The Battle Against Zombie Foreclosures
Published 5:00 pm Friday, July 11, 2014
By GREG STILES
Mail Tribune
Gary Poulos planned to spend this summer packing his bags, selling his house and moving on from his west Medford home on Shadow Wood Drive.
Instead, the retired Harry & David systems engineer is compiling a dossier on his next-door neighbor, whom he caustically calls Mr. Chase M. Bank.
As neighbors go, “Mr. Bank” isn’t a good one, failing to maintain his yard, ignoring a mangled garage door and allowing junk to pile up outside his house. When he does answer the phone, he’s none too talkative.

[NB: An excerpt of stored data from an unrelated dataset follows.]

(* Let $d\ge 3$, $m=d$, $\lambda>0$, $w_\star,v\in\mathbb{S}^{d-1}$ with $v^\top w_\star=0$, $Q=I_d+\lambda vv^\top$, $P_\perp=I_d-w_\star w_\star^\top-vv^\top$. Let $\mathcal L(W)=\mathbb{E}\big(y-\sum_{j=1}^m(w_j^\top x)^2\big)^2$ with $x\sim\mathcal N(0,Q)$, $y=(x^\top w_\star)^2+\nu$, $\nu\sim\mathcal N(0,\sigma^2)$ independent of $x$. Let $\tilde W(t)$ solve the gradient flow $\dot{\tilde W}(t)=-\nabla_W\mathcal L(\tilde W(t))$ and suppose that $\tilde M(t):=\tilde W(t)\tilde W(t)^\top=\tilde a(t)\,w_\star w_\star^\top+\tilde b(t)\,vv^\top+\tilde c(t)\,P_\perp$ for scalars $\tilde a(t),\tilde b(t),\tilde c(t)$. Then \[ \dot{\tilde a}=-2g_{w_\star}\tilde a,\qquad \dot{\tilde b}=-2g_v\tilde b,\qquad \dot{\tilde c}=-2g_\perp\tilde c, \] where $\tilde r:=\tilde a+(1+\lambda)\tilde b+(d-2)\tilde c$ and \[ g_{w_\star}=8(\tilde a-1)+4(\tilde r-1),\quad g_v=8(1+\lambda)^2\tilde b+4(1+\lambda)(\tilde r-1),\quad g_\perp=8\tilde c+4(\tilde r-1). \] *)

theory Defs
  imports "HOL-Analysis.Analysis" "HOL-Probability.Probability"
begin

definition outer :: "real^'n \<Rightarrow> real^'n \<Rightarrow> real^'n^'n" where
  "outer u w = (\<chi> i j. u $ i * w $ j)"

definition gauss_density :: "real^'n^'n \<Rightarrow> real^'n \<Rightarrow> real" where
  "gauss_density Q x =
     exp (- (x \<bullet> (matrix_inv Q *v x)) / 2) / sqrt ((2 * pi) ^ CARD('n) * det Q)"

text \<open>Population loss L(W) = E (y - sum_j (w_j^T x)^2)^2 with x ~ N(0,Q),
  y = (x^T w_star)^2 + nu, nu ~ N(0, sigma^2) independent of x.
  The j-th neuron w_j is the row W $ j (m = d neurons).\<close>
definition pop_loss :: "real^'n^'n \<Rightarrow> real^'n \<Rightarrow> real \<Rightarrow> real^'n^'n \<Rightarrow> real" where
  "pop_loss Q ws \<sigma> W =
     (\<integral>x. (\<integral>\<nu>. (((x \<bullet> ws)\<^sup>2 + \<nu>) - (\<Sum>j\<in>UNIV. (W $ j \<bullet> x)\<^sup>2))\<^sup>2
              \<partial>(density lborel (normal_density 0 \<sigma>)))
       \<partial>(density lborel (gauss_density Q)))"

end

theory Submission
  imports Defs
begin

text \<open>The loss depends on \<open>W\<close> only through \<open>M = W W\<^sup>T\<close>. Writing \<open>x \<sim> N(0, I + \<lambda> v v\<^sup>T)\<close>
  as \<open>z + s v\<close> with \<open>z\<close> standard Gaussian and \<open>s \<sim> N(0, \<lambda>)\<close> independent, Isserlis' formula
  for the fourth moments of \<open>z\<close> evaluates the loss on the ansatz
  \<open>M = \<alpha> w\<^sub>\<star> w\<^sub>\<star>\<^sup>T + \<beta> v v\<^sup>T + \<gamma> P\<^sub>\<bottom>\<close> as an explicit polynomial in \<open>\<alpha>, \<beta>, \<gamma>\<close>.
  For \<open>A = k\<^sub>1 w\<^sub>\<star> w\<^sub>\<star>\<^sup>T + k\<^sub>2 v v\<^sup>T + k\<^sub>3 P\<^sub>\<bottom>\<close>, replacing every row \<open>w\<^sub>j\<close> of \<open>W\<close> by
  \<open>w\<^sub>j + s A w\<^sub>j\<close> stays in the ansatz family, with \<open>\<alpha>, \<beta>, \<gamma>\<close> multiplied by \<open>(1 + s k\<^sub>i)\<^sup>2\<close>;
  differentiating at \<open>s = 0\<close> computes \<open>\<langle>\<nabla>\<L>, W A\<rangle>\<close> from that polynomial. Along the flow,
  \<open>\<langle>W, W A\<rangle> = k\<^sub>1 a + k\<^sub>2 b + (d - 2) k\<^sub>3 c\<close> has derivative \<open>-2 \<langle>\<nabla>\<L>, W A\<rangle>\<close>, and the
  three unit choices of \<open>k\<close> give the three equations.\<close>

section \<open>Moments of the standard Gaussian vector\<close>

definition std_gauss_density :: "'a::euclidean_space \<Rightarrow> real" where
  "std_gauss_density z = (\<Prod>b\<in>Basis. std_normal_density (z \<bullet> b))"

lemma std_gauss_density_eq:
  "std_gauss_density (z::'a::euclidean_space) = exp (- (z \<bullet> z) / 2) / sqrt (2 * pi) ^ DIM('a)"
proof -
  have "std_gauss_density z
      = (\<Prod>b\<in>Basis. exp (- (z \<bullet> b)\<^sup>2 / 2)) / (\<Prod>b\<in>(Basis::'a set). sqrt (2 * pi))"
    by (simp add: std_gauss_density_def normal_density_def prod_dividef)
  also have "(\<Prod>b\<in>Basis. exp (- (z \<bullet> b)\<^sup>2 / 2)) = exp (- (z \<bullet> z) / 2)"
    by (simp add: exp_sum[symmetric] euclidean_inner[of z z] sum_negf sum_divide_distrib
        power2_eq_square)
  finally show ?thesis
    by simp
qed

lemma std_gauss_density_nonneg [simp]: "0 \<le> std_gauss_density z"
  by (simp add: std_gauss_density_def prod_nonneg)

lemma borel_measurable_std_gauss_density [measurable]:
  "std_gauss_density \<in> borel_measurable (borel :: 'a::euclidean_space measure)"
  unfolding std_gauss_density_def[abs_def] by measurable

lemma has_bochner_integral_std_gauss_prod:
  fixes k :: "'a::euclidean_space \<Rightarrow> real \<Rightarrow> real"
  assumes integrable: "\<And>b. b \<in> Basis \<Longrightarrow> integrable lborel (\<lambda>t. std_normal_density t * k b t)"
  shows "has_bochner_integral lborel (\<lambda>z::'a. std_gauss_density z * (\<Prod>b\<in>Basis. k b (z \<bullet> b)))
           (\<Prod>b\<in>Basis. \<integral>t. std_normal_density t * k b t \<partial>lborel)"
proof -
  define K where "K b t = std_normal_density t * k b t" for b t
  have [measurable]: "K b \<in> borel_measurable borel" if "b \<in> Basis" for b
    using borel_measurable_integrable[OF integrable[OF that]] by (simp add: K_def[abs_def])
  interpret product_sigma_finite "\<lambda>_::'a. lborel :: real measure"
    by (simp add: product_sigma_finite_def lborel.sigma_finite_measure_axioms)
  have integrable_K: "integrable lborel (K b)" if "b \<in> Basis" for b
    using integrable[OF that] by (simp add: K_def[abs_def])
  have "has_bochner_integral (\<Pi>\<^sub>M b\<in>Basis. lborel) (\<lambda>f. \<Prod>b\<in>Basis. K b (f b))
          (\<Prod>b\<in>Basis. \<integral>t. K b t \<partial>lborel)"
    unfolding has_bochner_integral_iff
    using integrable_K by (simp add: product_integrable_prod product_integral_prod)
  then have "has_bochner_integral (distr (\<Pi>\<^sub>M b\<in>Basis. lborel) borel (\<lambda>f. \<Sum>b\<in>Basis. f b *\<^sub>R b))
      (\<lambda>z::'a. \<Prod>b\<in>Basis. K b (z \<bullet> b)) (\<Prod>b\<in>Basis. \<integral>t. K b t \<partial>lborel)"
    by (intro has_bochner_integral_distr)
      (auto simp: inner_sum_left inner_Basis if_distrib cong: if_cong)
  then show ?thesis
    by (simp add: lborel_eq[symmetric] K_def std_gauss_density_def prod.distrib)
qed

definition std_normal_moment :: "nat \<Rightarrow> real" where
  "std_normal_moment n = (\<integral>t. std_normal_density t * t ^ n \<partial>lborel)"

lemma std_normal_moment_odd_eq_0: "odd n \<Longrightarrow> std_normal_moment n = 0"
  by (auto simp: std_normal_moment_def elim!: oddE intro: integral_std_normal_moment_odd)

lemma std_normal_moment_simps [simp]:
  "std_normal_moment 0 = 1" "std_normal_moment (Suc 0) = 0" "std_normal_moment (Suc (Suc 0)) = 1"
  "std_normal_moment (Suc (Suc (Suc 0))) = 0" "std_normal_moment (Suc (Suc (Suc (Suc 0)))) = 3"
  using integral_std_normal_moment_even[of 1] integral_std_normal_moment_even[of 2]
  by (simp_all add: std_normal_moment_odd_eq_0)
    (simp_all add: std_normal_moment_def fact_numeral numeral_eq_Suc)

lemma prod_list_inner_eq_prod_Basis_power:
  assumes "set bs \<subseteq> (Basis :: 'a::euclidean_space set)"
  shows "(\<Prod>b\<leftarrow>bs. z \<bullet> b) = (\<Prod>b\<in>Basis. (z \<bullet> b) ^ count_list bs b)"
  using assms
proof (induction bs)
  case (Cons c bs)
  have "(\<Prod>b\<in>Basis. (z \<bullet> b) ^ count_list (c # bs) b)
      = (\<Prod>b\<in>Basis. (if b = c then z \<bullet> b else 1) * (z \<bullet> b) ^ count_list bs b)"
    by (intro prod.cong) auto
  also have "\<dots> = (z \<bullet> c) * (\<Prod>b\<in>Basis. (z \<bullet> b) ^ count_list bs b)"
    using Cons.prems by (simp add: prod.distrib)
  finally show ?case
    using Cons by simp
qed simp

lemma has_bochner_integral_std_gauss_Basis_moment:
  assumes "set bs \<subseteq> (Basis :: 'a::euclidean_space set)"
  shows "has_bochner_integral lborel (\<lambda>z::'a. std_gauss_density z * (\<Prod>b\<leftarrow>bs. z \<bullet> b))
           (\<Prod>b\<in>Basis. std_normal_moment (count_list bs b))"
  using has_bochner_integral_std_gauss_prod[of "\<lambda>b t. t ^ count_list bs b"]
  by (simp add: prod_list_inner_eq_prod_Basis_power[OF assms] std_normal_moment_def
      integrable_std_normal_moment)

Over the past 12 months, Poulos has painstakingly compiled documents and telephoned a litany of loan and property servicers, as well as the police, and finally City Hall. Poulos has delayed selling his home because he fears the eyesore next door will scare potential buyers away. He hopes other people with similar issues will take a look at his blog (http://myneighborchasebank.blogspot.com).
Poulos isn’t alone in his frustration with an abandoned house. Across Jackson County, vacant houses sit empty as lenders fail to complete the foreclosure process.
Real estate agents are begging for more inventory and neighbors are concerned about diminished property values, yet government officials remain perplexed by the “zombie foreclosures,” easily identified by the multiple notices stapled to their front doors and taped to windows.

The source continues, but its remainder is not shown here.